Saturday, January 8, 2011

worst technique


I frequently hear about tokui waza, or one’s best / special technique to be used when fighting or sparring. I have a couple of those.

I think there should also be a word for the opposite – a technique that you practice but have a very hard time with, just can’t get it right. I have a couple of those as well, more than a couple.

One that stands out recently comes from the sai kata / form. The motion is 左上段返し打ち, or hidari joudan kaeshi-uchi, a strike to the opponent’s head which circles once outside the left arm before striking downward.
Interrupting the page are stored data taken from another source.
inductive has_call :: "'s name set \<Rightarrow> 's name \<Rightarrow> 's name \<Rightarrow> ('s,'k) proc \<Rightarrow> bool" for Y f k where
  has_call_out: "has_call Y f k (POut f [w, k] PNil)"
| has_call_parl: "has_call Y f k P \<Longrightarrow> has_call Y f k (PPar P Q)"
| has_call_parr: "has_call Y f k Q \<Longrightarrow> has_call Y f k (PPar P Q)"
| has_call_res: "has_call Y f k P \<Longrightarrow> a \<notin> Y \<Longrightarrow> has_call Y f k (PRes a P)"

lemma has_call_anti_mono: "has_call Y f k P \<Longrightarrow> Y' \<subseteq> Y \<Longrightarrow> has_call Y' f k P"
  by (induction rule: has_call.induct) (auto intro: has_call.intros)

lemma has_call_reaches:
  assumes "has_call Y f k E" "fn R \<subseteq> Y"
    and call: "\<And>w. \<exists>Q. reaches \<Delta> (PPar (POut f [w, k] PNil) R) Q \<and> \<Phi> Q"
    and par: "\<And>P Q. \<Phi> P \<Longrightarrow> \<Phi> (PPar P Q)"
    and res: "\<And>a P. \<Phi> P \<Longrightarrow> a \<notin> Y \<Longrightarrow> \<Phi> (PRes a P)"
  shows "\<exists>Q. reaches \<Delta> (PPar E R) Q \<and> \<Phi> Q"
  using assms(1)
proof induction
  case (has_call_parl P Q)
  then obtain Q' where "reaches \<Delta> (PPar P R) Q'" "\<Phi> Q'" by blast
  moreover have "sc \<Delta> (PPar (PPar P Q) R) (PPar (PPar P R) Q)"
    by (meson sc_par_assoc sc_par_comm sc_par_right sc_sym sc_trans)
  ultimately show ?case by (meson par reaches_par sc_reaches_trans)
next
  case (has_call_parr Q P)
  then obtain Q' where "reaches \<Delta> (PPar Q R) Q'" "\<Phi> Q'" by blast
  moreover have "sc \<Delta> (PPar (PPar P Q) R) (PPar (PPar Q R) P)"
    by (meson sc_par_assoc sc_par_comm sc_par_right sc_sym sc_trans)
  ultimately show ?case by (meson par reaches_par sc_reaches_trans)
next
  case (has_call_res P a)
  then obtain Q' where "reaches \<Delta> (PPar P R) Q'" "\<Phi> Q'" by blast
  moreover have "sc \<Delta> (PPar (PRes a P) R) (PRes a (PPar P R))"
    using has_call_res.hyps(2) assms(2) by (intro sc_scope) blast
  ultimately show ?case using has_call_res.hyps(2) by (meson res reaches_res sc_reaches_trans)
qed (use call in blast)

lemma subst_PRes_fresh:
  obtains a' where "subst \<sigma> (PRes a P) = PRes a' (subst (\<sigma>(a := a')) P)"
    "fst a' = fst a" "a' \<notin> \<sigma> ` (fn P - {a})"
  using that fresh_idx_notin(1)[of "\<sigma> ` (fn P - {a})"] by (simp add: Let_def finite_fn)

lemma subst_PIn_single:
  obtains b' where "subst \<sigma> (PIn a [b] P) = PIn (\<sigma> a) [b'] (subst (\<sigma>(b := b')) P)"
    "fst b' = fst b" "b' \<notin> \<sigma> ` (fn P - {b})"
  using that fresh_idx_notin(1)[of "\<sigma> ` (fn P - {b})"] by (simp add: Let_def finite_fn fresh_list_def)

lemma substa_Abs_single:
  obtains k' where "substa \<sigma> (Abs [k] P) = Abs [k'] (subst (\<sigma>(k := k')) P)"
    "fst k' = fst k" "k' \<notin> \<sigma> ` (fn P - {k})"
  using that fresh_idx_notin(1)[of "\<sigma> ` (fn P - {k})"] by (simp add: Let_def finite_fn fresh_list_def)

lemma subst_PRep_pair:
  obtains b1' b2' where
    "subst \<sigma> (PRep a [b1, b2] P) = PRep (\<sigma> a) [b1', b2'] (subst (\<sigma>(b1 := b1', b2 := b2')) P)"
    "b1' \<noteq> b2'" "b1' \<notin> \<sigma> ` (fn P - {b1, b2})" "b2' \<notin> \<sigma> ` (fn P - {b1, b2})"
  using that fresh_idx_notin[of "\<sigma> ` (fn P - {b1, b2})"]
  by (simp add: Let_def finite_fn fresh_list_def insert_commute)

lemma sc_beta_single: "sc \<Delta> (PApp (Abs [k] P) [k0]) (subst (id(k := k0)) P)"
  using sc_beta[of "[k]" "[k0]" \<Delta> P] by simp

lemma sc_alpha_fresh:
  assumes "finite Y"
  obtains a' where "a' \<notin> Y" "sc \<Delta> (PRes a P) (PRes a' (subst (id(a := a')) P))"
proof -
  let ?a' = "(fst a, fresh_idx (Y \<union> fn (PRes a P)))"
  have "?a' \<notin> Y \<union> fn (PRes a P)" using assms by (intro fresh_idx_notin) (simp add: finite_fn)
  then show ?thesis using that sc_alpha_res[of ?a' a P \<Delta>] by auto
qed

lemma subst_server:
  assumes "k \<noteq> y"
  obtains y' where "subst \<sigma> (PRes y (POut k [y] R)) = PRes y' (POut (\<sigma> k) [y'] (subst (\<sigma>(y := y')) R))"
    "y' \<noteq> \<sigma> k" "y' \<notin> \<sigma> ` (fn R - {y})"
proof -
  obtain y' where y': "subst \<sigma> (PRes y (POut k [y] R)) = PRes y' (subst (\<sigma>(y := y')) (POut k [y] R))"
    "y' \<notin> \<sigma> ` (fn (POut k [y] R) - {y})"
    by (rule subst_PRes_fresh)
  show ?thesis by (rule that) (use y' assms in auto)
qed

lemma sc_server_fresh:
  assumes "k \<noteq> y" "finite Y"
  obtains y' where "y' \<notin> Y" "sc \<Delta> (PRes y (POut k [y] R)) (PRes y' (POut k [y'] (subst (id(y := y')) R)))"
proof -
  obtain y' where "y' \<notin> Y" "sc \<Delta> (PRes y (POut k [y] R)) (PRes y' (subst (id(y := y')) (POut k [y] R)))"
    using assms(2) by (rule sc_alpha_fresh)
  then show ?thesis using that assms(1) by simp
qed

lemma subst_forwarder:
  fixes \<sigma> :: "'s name \<Rightarrow> 's name"
  assumes "a \<noteq> b" "w \<notin> {a, b}"
  obtains a' b' where
    "subst \<sigma> (PRep y [a, b] (POut w [a, b] (PNil :: ('s,'k) proc)))
      = PRep (\<sigma> y) [a', b'] (POut (\<sigma> w) [a', b'] PNil)"
    "a' \<noteq> b'" "\<sigma> w \<notin> {a', b'}"
proof -
  obtain a' b' where ab:
    "subst \<sigma> (PRep y [a, b] (POut w [a, b] (PNil :: ('s,'k) proc)))
      = PRep (\<sigma> y) [a', b'] (subst (\<sigma>(a := a', b := b')) (POut w [a, b] PNil))"
    "a' \<noteq> b'" "a' \<notin> \<sigma> ` (fn (POut w [a, b] (PNil :: ('s,'k) proc)) - {a, b})"
    "b' \<notin> \<sigma> ` (fn (POut w [a, b] (PNil :: ('s,'k) proc)) - {a, b})"
    by (rule subst_PRep_pair)
  show ?thesis
  proof (rule that)
    show "subst \<sigma> (PRep y [a, b] (POut w [a, b] (PNil :: ('s,'k) proc)))
      = PRep (\<sigma> y) [a', b'] (POut (\<sigma> w) [a', b'] PNil)"
      unfolding ab(1) using assms by simp
  qed (use ab(2-4) assms in auto)
qed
In practicing the first sai kata, chikin shita haku no sai (or tsuken shita haku no sai, if not in Okinawan dialect), I have gotten pretty comfortable with this motion on the right side, as it appears in the form several times. It is a great motion, really: after blocking the opponent’s strike (they are using a bo staff), you roll the sai outside the arm – keeping the opponent’s bo away from you – while moving in closer and striking their head with the sai.

It appears only once in the form on the left side, however, and I am right-handed. I try to keep well-balanced in my training with left- and right-side repetitions. I have even been using my chopsticks in my left hand to improve dexterity. But I just can’t seem to nail this motion.

Last week, it re-appeared in another incarnation. I am not officially learning the next sai form yet (chatan yara no sai), but I have had a glimpse of things to come. It is a wonderful kata full of great motions – and another one of these left-handed circling attacks.

So, there is one more item on the homework list – doing more things left-handed. Chopsticks of course. Brushing teeth. Operating iPods and other small gadgets. And, of course, the technique described above.